I do not believe in the inquistorial system, in which advocates and judge share the task of arriving at justice. When all the "professionals" in the criminal justice share the same goal, I believe there is a real and present danger that the client gets left behind, or is marginalized. The prosecutor and I in trial are not colleagues seeking to jointly determine what is true. The taks of determining what is true belongs to strangers in the form of jurors. My role is to challenge the reliability of the state's proof.
Thus, a client's claim of actual innocence is of value only insofar as it yields admissible evidence I can use at trial. Otherwise, it is an existential howl signifying next to nothing.
Does this attitude make me somehow complicit in a prosecutor's use of "injustice," whatever that may be? On the contrary. In our system, only the prosecutor is restrained by a duty to do justice. Defense counsel has no such burden. Our role is bounded simply by duties of zealous advocacy and candor toward the tribunal. I've never been accused of being a government lackey in trial.
Whether my client is factually innocent or factually guilty, themselves slippery concepts, is irrelevant to me. All clients deserve vigorous defense. I never tolerate government misconduct. Indeed, I suspect misconduct is more easily tolerated in an inquisitorial system where the counsel and court have the goals of arriving at justice and truth together. Does a defense lawyer who thinks his client is guilty drop his guard in such a regime? Probably.
I think Connelly is dead wrong about the impact of agnosticism on the criminal justice system. Far from undermining its credibility, it enhances it by proclaiming proudly that everyone is entitled to the same high standard of defense, regradless of what they have done. Such a system avoids the danger of the defense's being coopted by the prosecutor as both jointly pursue similar ends.
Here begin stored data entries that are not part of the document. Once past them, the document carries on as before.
lemma cutoff_bounds:
  fixes t :: real
  assumes "500 \<le> t"
  defines "N \<equiv> nat \<lfloor>2 * t / 7\<rfloor>"
  shows "1 \<le> N" and "ln (real N) \<le> ln t - ln (7/2)"
    and "(t\<^sup>2 + 9) / (24 * (real N - 1/2)\<^sup>2) \<le> 0.522"
proof -
  have "real N \<le> 2 * t / 7" "2 * t / 7 < real N + 1"
    using assms by (simp_all add: N_def) linarith+
  then have "141 < real N"
    using assms(1) by linarith
  then have "142 \<le> real N"
    by simp
  then show "1 \<le> N"
    by simp
  have "ln (real N) + ln (7/2) = ln (real N * (7/2))"
    using \<open>142 \<le> real N\<close> by (intro ln_mult_pos[symmetric]) auto
  also have "\<dots> \<le> ln t"
    using \<open>real N \<le> 2 * t / 7\<close> \<open>142 \<le> real N\<close> by simp
  finally show "ln (real N) \<le> ln t - ln (7/2)"
    by simp
  define u where "u = real N - 1/2"
  have "141 \<le> u" "t \<le> 7 * (u + 3/2) / 2"
    using \<open>142 \<le> real N\<close> \<open>2 * t / 7 < real N + 1\<close> by (simp_all add: u_def)
  then have "t\<^sup>2 \<le> (7 * (u + 3/2) / 2)\<^sup>2"
    using assms by (intro power_mono) auto
  moreover have "141 * 2.448 \<le> u * (0.278 * u - 36.75)"
    using \<open>141 \<le> u\<close> by (intro mult_mono) auto
  ultimately have "t\<^sup>2 + 9 \<le> 0.522 * (24 * u\<^sup>2)"
    by (simp add: power2_eq_square algebra_simps)
  moreover have "0 < u"
    using \<open>141 \<le> u\<close> by simp
  ultimately show "(t\<^sup>2 + 9) / (24 * (real N - 1/2)\<^sup>2) \<le> 0.522"
    by (simp add: u_def[symmetric] pos_divide_le_eq)
qed

theorem proposition7:
  fixes \<sigma> t :: real
  assumes "1 \<le> \<sigma>" and "\<sigma> \<le> 2" and "t \<ge> 500"
  shows "norm (riemann_zeta (Complex \<sigma> t)) < ln t - 0.14"
proof -
  define s where "s = Complex \<sigma> t"
  define N where "N = nat \<lfloor>2 * t / 7\<rfloor>"
  have s: "1 \<le> Re s" "Re s \<le> 2" "Im s = t" "s \<noteq> 1"
    using assms by (auto simp: s_def complex_eq_iff)
  have N: "1 \<le> N" "ln (real N) \<le> ln t - ln (7/2)" "(t\<^sup>2 + 9) / (24 * (real N - 1/2)\<^sup>2) \<le> 0.522"
    using cutoff_bounds[OF assms(3)] unfolding N_def by auto
  have tail: "norm (\<Sum>k. trapezoid_error s (k + N)) \<le> 0.522"
    using norm_suminf_trapezoid_error_le_Im[OF s(1,2,4) N(1)] N(3) unfolding s(3) by linarith
  have "norm (riemann_zeta s) \<le> norm ((\<Sum>n=1..N. of_nat n powr (- s)) - of_nat N powr (- s) / 2)
      + norm (of_nat N powr (1 - s) / (s - 1)) + norm (\<Sum>k. trapezoid_error s (k + N))"
    unfolding zeta_euler_maclaurin[OF s(1,4) N(1)]
    by (rule order.trans[OF norm_triangle_ineq4]) (simp add: norm_triangle_ineq)
  also have "\<dots> \<le> (euler_mascheroni + ln (real N)) + 1 / t + 0.522"
    using norm_zeta_partial_sum_le[OF s(1) N(1)] norm_powr_div_le_inverse_Im[of s N] tail s N assms
    by (intro add_mono) auto
  also have "\<dots> < ln t - 0.14"
  proof -
    have "1 / t \<le> 1 / 500"
      using assms by (intro divide_left_mono) auto
    then show ?thesis
      using euler_mascheroni_less_0_5796 ln_7_div_2_gt N(2) by simp
  qed
  finally show ?thesis
    by (simp add: s_def)
qed

end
Truth and justice are easy words to toss around, but they are hard concepts to define. Connelly seems seduced by a too easy assumption that everyone can know, and will agree, on what these concepts mean. In the criminal justice system, the defense and the process are well-served by healthy agnosticism. We let juries decide the larger issues because we think the job of doing so is too important to entrust to entrenched and self-interested elites.